*PROBLEM DETAILS*
Once the line containing "chain\<^sub>\<subseteq> H \<and>" is found in the entries below, reproduce it and every line after it, stopping at and including the line containing "case (rd2 c1 c2 x)"; reproduce nothing else, and keep each line exact.
[[ DATA RECORDS open ]]
(* In any execution of the algorithm $\mathcal{A}$ described in the context, for any two processes $p_i$ and $p_j$, if $p_i$ writes a set $S_i$ to $Set[i]$ and $p_j$ writes a set $S_j$ to $Set[j]$, then $S_i\subseteq S_j$ or $S_j\subseteq S_i$.
   Context: Algorithm $\mathcal{A}$ (a safe agreement algorithm for processes $p_0,\dots,p_{m-1}$, each invoking $propose$ at most once). Shared single-writer registers, for $0\le i<m$, written only by $p_i$: $Val[i]$ (initially $\bot$), $Id[i]$ (initially $\bot$), $Set[i]$ (initially $\emptyset$). $propose(v)$ at $p_i$: write $Val[i]\gets v$; write $Id[i]\gets i$; repeat { read $Id[0],\dots,Id[m-1]$ in order into $collect1$; read $Id[0],\dots,Id[m-1]$ in order into $collect2$ } until $collect1=collect2$ componentwise; then write $Set[i]\gets\{j: collect1[j]\neq\bot\}$. $resolve()$ at $p_i$: read $Set[0],\dots,Set[m-1]$, let $C$ be the smallest non-empty set read; if for every $j\in C$ the value read from $Set[j]$ is non-empty and contains $C$, return $Val[\min C]$, else return $\bot$. Reads and writes of registers are atomic. *)

theory Defs
  imports Main
begin

text \<open>Bottom is modelled by None.  Each process is a sequential state machine whose
  transitions are single atomic register operations (the invocation and the
  local decision of resolve are register-free steps).\<close>

datatype 'v lstate =
    Idle                                  \<comment> \<open>propose not yet invoked, no operation pending\<close>
  | PWVal 'v                              \<comment> \<open>propose(v) invoked, next: write Val[i]\<close>
  | PWId                                  \<comment> \<open>next: write Id[i]\<close>
  | PR1 "nat option list"                 \<comment> \<open>reading Id[.] into collect1 (partial)\<close>
  | PR2 "nat option list" "nat option list" \<comment> \<open>collect1 complete, reading collect2\<close>
  | PWSet "nat set"                       \<comment> \<open>next: write Set[i]\<close>
  | Done                                  \<comment> \<open>propose completed, no operation pending\<close>
  | RRd bool "nat set list"               \<comment> \<open>resolve: reading Set[.]; flag = propose completed before\<close>
  | RDec bool "nat set list"              \<comment> \<open>resolve: all Set registers read, deciding\<close>
  | RRdVal bool nat                       \<comment> \<open>resolve: next read Val[k] and return it\<close>

datatype 'v act =
    InvPropose 'v | WrVal 'v | WrId | RdId nat "nat option" | WrSet "nat set"
  | InvResolve | RdSet nat "nat set" | RdVal nat "'v option" | RespResolve "'v option"

record 'v conf =
  ValR :: "nat \<Rightarrow> 'v option"
  IdR  :: "nat \<Rightarrow> nat option"
  SetR :: "nat \<Rightarrow> nat set"
  loc  :: "nat \<Rightarrow> 'v lstate"

definition init_conf :: "'v conf" where
  "init_conf = \<lparr>ValR = (\<lambda>_. None), IdR = (\<lambda>_. None), SetR = (\<lambda>_. {}), loc = (\<lambda>_. Idle)\<rparr>"

definition smallest_nonempty :: "nat set list \<Rightarrow> nat set" where
  "smallest_nonempty ss = (SOME C. C \<in> set ss \<and> C \<noteq> {} \<and>
       (\<forall>D\<in>set ss. D \<noteq> {} \<longrightarrow> card C \<le> card D))"

definition resolve_ok :: "nat set list \<Rightarrow> bool" where
  "resolve_ok ss = ((\<exists>D\<in>set ss. D \<noteq> {}) \<and>
      (let C = smallest_nonempty ss in
         \<forall>j\<in>C. j < length ss \<and> ss ! j \<noteq> {} \<and> C \<subseteq> ss ! j))"

definition return_state :: "bool \<Rightarrow> 'v lstate" where
  "return_state b = (if b then Done else Idle)"

definition setloc :: "'v conf \<Rightarrow> nat \<Rightarrow> 'v lstate \<Rightarrow> 'v conf" where
  "setloc c i s = c\<lparr>loc := (loc c)(i := s)\<rparr>"

inductive step :: "nat \<Rightarrow> nat \<Rightarrow> 'v conf \<Rightarrow> 'v act \<Rightarrow> 'v conf \<Rightarrow> bool"
  for m :: nat where
  inv_prop: "loc c i = Idle \<Longrightarrow> step m i c (InvPropose v) (setloc c i (PWVal v))"
| wr_val: "loc c i = PWVal v \<Longrightarrow>
     step m i c (WrVal v) (setloc (c\<lparr>ValR := (ValR c)(i := Some v)\<rparr>) i PWId)"
| wr_id: "loc c i = PWId \<Longrightarrow>
     step m i c WrId (setloc (c\<lparr>IdR := (IdR c)(i := Some i)\<rparr>) i (PR1 []))"
| rd1: "loc c i = PR1 c1 \<Longrightarrow> length c1 < m \<Longrightarrow> x = IdR c (length c1) \<Longrightarrow>
     step m i c (RdId (length c1) x)
       (setloc c i (if length (c1 @ [x]) = m then PR2 (c1 @ [x]) [] else PR1 (c1 @ [x])))"
| rd2: "loc c i = PR2 c1 c2 \<Longrightarrow> length c2 < m \<Longrightarrow> x = IdR c (length c2) \<Longrightarrow>
     step m i c (RdId (length c2) x)
       (setloc c i (if length (c2 @ [x]) = m
                    then (if c1 = c2 @ [x] then PWSet {j. j < m \<and> c1 ! j \<noteq> None} else PR1 [])
                    else PR2 c1 (c2 @ [x])))"
| wr_set: "loc c i = PWSet S \<Longrightarrow>
     step m i c (WrSet S) (setloc (c\<lparr>SetR := (SetR c)(i := S)\<rparr>) i Done)"
| inv_res: "loc c i = Idle \<or> loc c i = Done \<Longrightarrow>
     step m i c InvResolve (setloc c i (RRd (loc c i = Done) []))"
| rd_set: "loc c i = RRd b ss \<Longrightarrow> length ss < m \<Longrightarrow> S = SetR c (length ss) \<Longrightarrow>
     step m i c (RdSet (length ss) S)
       (setloc c i (if length (ss @ [S]) = m then RDec b (ss @ [S]) else RRd b (ss @ [S])))"
| dec_ok: "loc c i = RDec b ss \<Longrightarrow> resolve_ok ss \<Longrightarrow>
     step m i c (RdVal (Min (smallest_nonempty ss)) (ValR c (Min (smallest_nonempty ss))))
       (setloc c i (RRdVal b (Min (smallest_nonempty ss))))"
| dec_fail: "loc c i = RDec b ss \<Longrightarrow> \<not> resolve_ok ss \<Longrightarrow>
     step m i c (RespResolve None) (setloc c i (return_state b))"
| rd_val: "loc c i = RRdVal b k \<Longrightarrow>
     step m i c (RespResolve (ValR c k)) (setloc c i (return_state b))"

inductive execution :: "nat \<Rightarrow> (nat \<times> 'v act) list \<Rightarrow> 'v conf \<Rightarrow> bool" for m :: nat where
  exec_init: "execution m [] init_conf"
| exec_step: "execution m tr c \<Longrightarrow> i < m \<Longrightarrow> step m i c a c' \<Longrightarrow>
     execution m (tr @ [(i, a)]) c'"

end

theory Submission
  imports Defs
begin

text \<open>An Id register, once written, is never reset, so the set of registered processes only grows
  and all of its past values form a chain.  A double collect that returns the same vector twice
  equals the registered set at the moment its first collect ended: an entry seen in the first
  collect was registered by then, and an entry still unset in the second collect was not.  Hence
  every value written to a Set register is one of these snapshots.\<close>

definition registered :: "nat \<Rightarrow> 'v conf \<Rightarrow> nat set" where
  "registered m c = {k. k < m \<and> IdR c k \<noteq> None}"

lemma step_IdR_stable: "step m i c a c' \<Longrightarrow> IdR c k \<noteq> None \<Longrightarrow> IdR c' k \<noteq> None"
  by (induction rule: step.induct) (auto simp: setloc_def)

lemma step_registered_mono: "step m i c a c' \<Longrightarrow> registered m c \<subseteq> registered m c'"
  by (auto simp: registered_def dest: step_IdR_stable)

lemma step_loc_other: "step m i c a c' \<Longrightarrow> p \<noteq> i \<Longrightarrow> loc c' p = loc c p"
  by (induction rule: step.induct) (auto simp: setloc_def)

text \<open>How a pending propose is related to the snapshot history \<open>H\<close>: in the second collect
  there is a snapshot containing everything seen in the first collect and nothing found unset
  so far in the second one.\<close>

fun consistent_loc :: "nat \<Rightarrow> nat set set \<Rightarrow> 'v conf \<Rightarrow> 'v lstate \<Rightarrow> bool" where
  "consistent_loc m H c (PR1 c1) =
     (length c1 \<le> m \<and> (\<forall>k<length c1. c1 ! k \<noteq> None \<longrightarrow> IdR c k \<noteq> None))"
| "consistent_loc m H c (PR2 c1 c2) = (length c1 = m \<and>
     (\<exists>X\<in>H. (\<forall>k<m. c1 ! k \<noteq> None \<longrightarrow> k \<in> X) \<and> (\<forall>k<length c2. c2 ! k = None \<longrightarrow> k \<notin> X)))"
| "consistent_loc m H c (PWSet S) = (S \<in> H)"
| "consistent_loc m H c _ = True"

lemma consistent_loc_mono:
  assumes "consistent_loc m H c s" "H \<subseteq> H'" "\<And>k. IdR c k \<noteq> None \<Longrightarrow> IdR c' k \<noteq> None"
  shows "consistent_loc m H' c' s"
  using assms by (cases s) auto

definition snapshot_inv :: "nat \<Rightarrow> nat set set \<Rightarrow> (nat \<times> 'v act) list \<Rightarrow> 'v conf \<Rightarrow> bool" where
  "snapshot_inv m H tr c \<longleftrightarrow>
     chain\<^sub>\<subseteq> H \<and> (\<forall>X\<in>H. X \<subseteq> registered m c) \<and>
     (\<forall>p S. (p, WrSet S) \<in> set tr \<longrightarrow> S \<in> H) \<and> (\<forall>p. consistent_loc m H c (loc c p))"

lemma step_consistent_loc:
  assumes st: "step m i c a c'"
    and cons: "consistent_loc m H c (loc c i)"
    and sub: "\<forall>X\<in>H. X \<subseteq> registered m c"
  shows "consistent_loc m (insert (registered m c) H) c' (loc c' i)"
  using st
proof cases
  case (rd1 c1 x)
  have "\<forall>k<length (c1 @ [x]). (c1 @ [x]) ! k \<noteq> None \<longrightarrow> IdR c k \<noteq> None"
    using cons rd1 by (auto simp: nth_append less_Suc_eq)
  then show ?thesis
    using cons rd1 by (auto simp: setloc_def registered_def)
next
  case (rd2 c1 c2 x)
  obtain X where X: "X \<in> H" "\<forall>k<m. c1 ! k \<noteq> None \<longrightarrow> k \<in> X"
      "\<forall>k<length c2. c2 ! k = None \<longrightarrow> k \<notin> X" and len: "length c1 = m"
    using cons rd2 by auto
  have X_reg: "X \<subseteq> registered m c"
    using sub X(1) by blast
  have unset: "\<forall>k<length (c2 @ [x]). (c2 @ [x]) ! k = None \<longrightarrow> k \<notin> X"
    using X(3) X_reg rd2 by (auto simp: nth_append registered_def less_Suc_eq)
  consider "length (c2 @ [x]) = m" "c1 = c2 @ [x]" | "length (c2 @ [x]) = m" "c1 \<noteq> c2 @ [x]"
    | "length (c2 @ [x]) \<noteq> m"
    by blast
  then show ?thesis
  proof cases
    case 1
    then have "{j. j < m \<and> c1 ! j \<noteq> None} = X"
      using X(2) X_reg unset by (auto simp: registered_def)
    then show ?thesis
      using rd2 1 X(1) by (simp add: setloc_def)
  next
    case 2
    then show ?thesis
      using rd2 by (simp add: setloc_def)
  next
    case 3
    then show ?thesis
      using rd2 X(1,2) unset len by (auto simp: setloc_def)
  qed
qed (use cons in \<open>simp_all add: setloc_def return_state_def\<close>)

text \<open>The current registered set is recorded as a snapshot at every step, not only when a first
  collect ends; this is harmless since it contains all earlier snapshots.\<close>

lemma snapshot_inv_step:
  assumes inv: "snapshot_inv m H tr c" and st: "step m i c a c'"
  shows "snapshot_inv m (insert (registered m c) H) (tr @ [(i, a)]) c'"
proof -
  let ?H' = "insert (registered m c) H"
  have sub: "\<forall>X\<in>H. X \<subseteq> registered m c" and cons: "\<And>p. consistent_loc m H c (loc c p)"
    using inv by (auto simp: snapshot_inv_def)
  have "chain\<^sub>\<subseteq> ?H'"
    using inv sub by (auto simp: snapshot_inv_def chain_subset_def)
  moreover have "\<forall>X\<in>?H'. X \<subseteq> registered m c'"
    using sub step_registered_mono[OF st] by blast
  moreover have "S \<in> ?H'" if "a = WrSet S" for S
    using st cons[of i] that by cases (auto simp: setloc_def)
  moreover have "consistent_loc m ?H' c' (loc c' p)" for p
  proof (cases "p = i")
    case True
    then show ?thesis
      using step_consistent_loc[OF st cons sub] by simp
  next
    case False
    then show ?thesis
      using consistent_loc_mono[OF cons subset_insertI step_IdR_stable[OF st]]
        step_loc_other[OF st] by simp
  qed
  ultimately show ?thesis
    using inv by (auto simp: snapshot_inv_def)
qed

lemma execution_snapshot_inv: "execution m tr c \<Longrightarrow> \<exists>H. snapshot_inv m H tr c"
proof (induction rule: execution.induct)
  case exec_init
  show ?case
    by (rule exI[of _ "{}"]) (simp add: snapshot_inv_def init_conf_def chain_subset_def)
next
  case (exec_step tr c i a c')
  then show ?case
    using snapshot_inv_step by blast
qed

theorem lemma6:
  fixes m :: nat and tr :: "(nat \<times> 'v act) list" and c :: "'v conf"
  assumes "execution m tr c"
    and "(i, WrSet Si) \<in> set tr"
    and "(j, WrSet Sj) \<in> set tr"
  shows "Si \<subseteq> Sj \<or> Sj \<subseteq> Si"
proof -
  obtain H where "snapshot_inv m H tr c"
    using execution_snapshot_inv[OF assms(1)] by blast
  then have "chain\<^sub>\<subseteq> H" "Si \<in> H" "Sj \<in> H"
    using assms(2,3) by (auto simp: snapshot_inv_def)
  then show ?thesis
    by (simp add: chain_subset_def)
qed

end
[[ DATA RECORDS closed ]]
*WORKED SOLUTION*
     chain\<^sub>\<subseteq> H \<and> (\<forall>X\<in>H. X \<subseteq> registered m c) \<and>
     (\<forall>p S. (p, WrSet S) \<in> set tr \<longrightarrow> S \<in> H) \<and> (\<forall>p. consistent_loc m H c (loc c p))"

lemma step_consistent_loc:
  assumes st: "step m i c a c'"
    and cons: "consistent_loc m H c (loc c i)"
    and sub: "\<forall>X\<in>H. X \<subseteq> registered m c"
  shows "consistent_loc m (insert (registered m c) H) c' (loc c' i)"
  using st
proof cases
  case (rd1 c1 x)
  have "\<forall>k<length (c1 @ [x]). (c1 @ [x]) ! k \<noteq> None \<longrightarrow> IdR c k \<noteq> None"
    using cons rd1 by (auto simp: nth_append less_Suc_eq)
  then show ?thesis
    using cons rd1 by (auto simp: setloc_def registered_def)
next
  case (rd2 c1 c2 x)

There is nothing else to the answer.